**Instructions to follow:**
Copy out all of the records. Keep every word exact.

(Collected data entries)
lemma card_psi_density_graph_le:
  assumes "finite V" "ld_partition V E l d P" "Y \<in> P"
  shows "card {y\<in>Y. psi V E P (density_graph V E d P) x y} \<le> d"
proof (cases "x \<in> V")
  case False
  then show ?thesis by (simp add: psi_def)
next
  case True
  have part: "partition_on V P"
    and pairs: "\<forall>X\<in>P. \<forall>Y\<in>P. sparse_pair V E d X Y \<or> dense_pair V E d X Y"
    using assms(2) unfolding ld_partition_def by blast+
  obtain X where X: "X \<in> P" "x \<in> X" using True partition_onD1[OF part] by blast
  have YV: "Y \<subseteq> V" using assms(3) partition_onD1[OF part] by blast
  have finY: "finite Y" using assms(1) YV finite_subset by blast
  have psi_iff: "psi V E P (density_graph V E d P) x y \<longleftrightarrow> x \<noteq> y \<and> (E x y \<noteq> dense_pair V E d X Y)"
    if "y \<in> Y" for y
    using psi_density_graph_iff[OF part X(1) assms(3) X(2) that] .
  show ?thesis
  proof (cases "dense_pair V E d X Y")
    case True
    have "{y\<in>Y. psi V E P (density_graph V E d P) x y} \<subseteq> nonnbh V E x \<inter> Y"
      using psi_iff True YV by (auto simp: nonnbh_def nbh_def)
    then have "card {y\<in>Y. psi V E P (density_graph V E d P) x y} \<le> card (nonnbh V E x \<inter> Y)"
      using finY by (intro card_mono) auto
    also have "\<dots> \<le> d" using True X unfolding dense_pair_def by blast
    finally show ?thesis .
  next
    case False
    then have sparse: "sparse_pair V E d X Y" using pairs X(1) assms(3) by blast
    have "{y\<in>Y. psi V E P (density_graph V E d P) x y} \<subseteq> nbh V E x \<inter> Y"
      using psi_iff False YV by (auto simp: nbh_def)
    then have "card {y\<in>Y. psi V E P (density_graph V E d P) x y} \<le> card (nbh V E x \<inter> Y)"
      using finY by (intro card_mono) auto
    also have "\<dots> \<le> d" using sparse X unfolding sparse_pair_def by blast
    finally show ?thesis .
  qed
qed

**Task response:**
lemma card_psi_density_graph_le:
  assumes "finite V" "ld_partition V E l d P" "Y \<in> P"
  shows "card {y\<in>Y. psi V E P (density_graph V E d P) x y} \<le> d"
proof (cases "x \<in> V")
  case False
  then show ?thesis by (simp add: psi_def)
next
  case True
  have part: "partition_on V P"
    and pairs: "\<forall>X\<in>P. \<forall>Y\<in>P. sparse_pair V E d X Y \<or> dense_pair V E d X Y"
    using assms(2) unfolding ld_partition_def by blast+
  obtain X where X: "X \<in> P" "x \<in> X" using True partition_onD1[OF part] by blast
  have YV: "Y \<subseteq> V" using assms(3) partition_onD1[OF part] by blast
  have finY: "finite Y" using assms(1) YV finite_subset by blast
  have psi_iff: "psi V E P (density_graph V E d P) x y \<longleftrightarrow> x \<noteq> y \<and> (E x y \<noteq> dense_pair V E d X Y)"
    if "y \<in> Y" for y
    using psi_density_graph_iff[OF part X(1) assms(3) X(2) that] .
  show ?thesis
  proof (cases "dense_pair V E d X Y")
    case True
    have "{y\<in>Y. psi V E P (density_graph V E d P) x y} \<subseteq> nonnbh V E x \<inter> Y"
      using psi_iff True YV by (auto simp: nonnbh_def nbh_def)
    then have "card {y\<in>Y. psi V E P (density_graph V E d P) x y} \<le> card (nonnbh V E x \<inter> Y)"
      using finY by (intro card_mono) auto
    also have "\<dots> \<le> d" using True X unfolding dense_pair_def by blast
    finally show ?thesis .
  next
    case False
    then have sparse: "sparse_pair V E d X Y" using pairs X(1) assms(3) by blast
    have "{y\<in>Y. psi V E P (density_graph V E d P) x y} \<subseteq> nbh V E x \<inter> Y"
      using psi_iff False YV by (auto simp: nbh_def)
    then have "card {y\<in>Y. psi V E P (density_graph V E d P) x y} \<le> card (nbh V E x \<inter> Y)"
      using finY by (intro card_mono) auto
    also have "\<dots> \<le> d" using sparse X unfolding sparse_pair_def by blast
    finally show ?thesis .
  qed
qed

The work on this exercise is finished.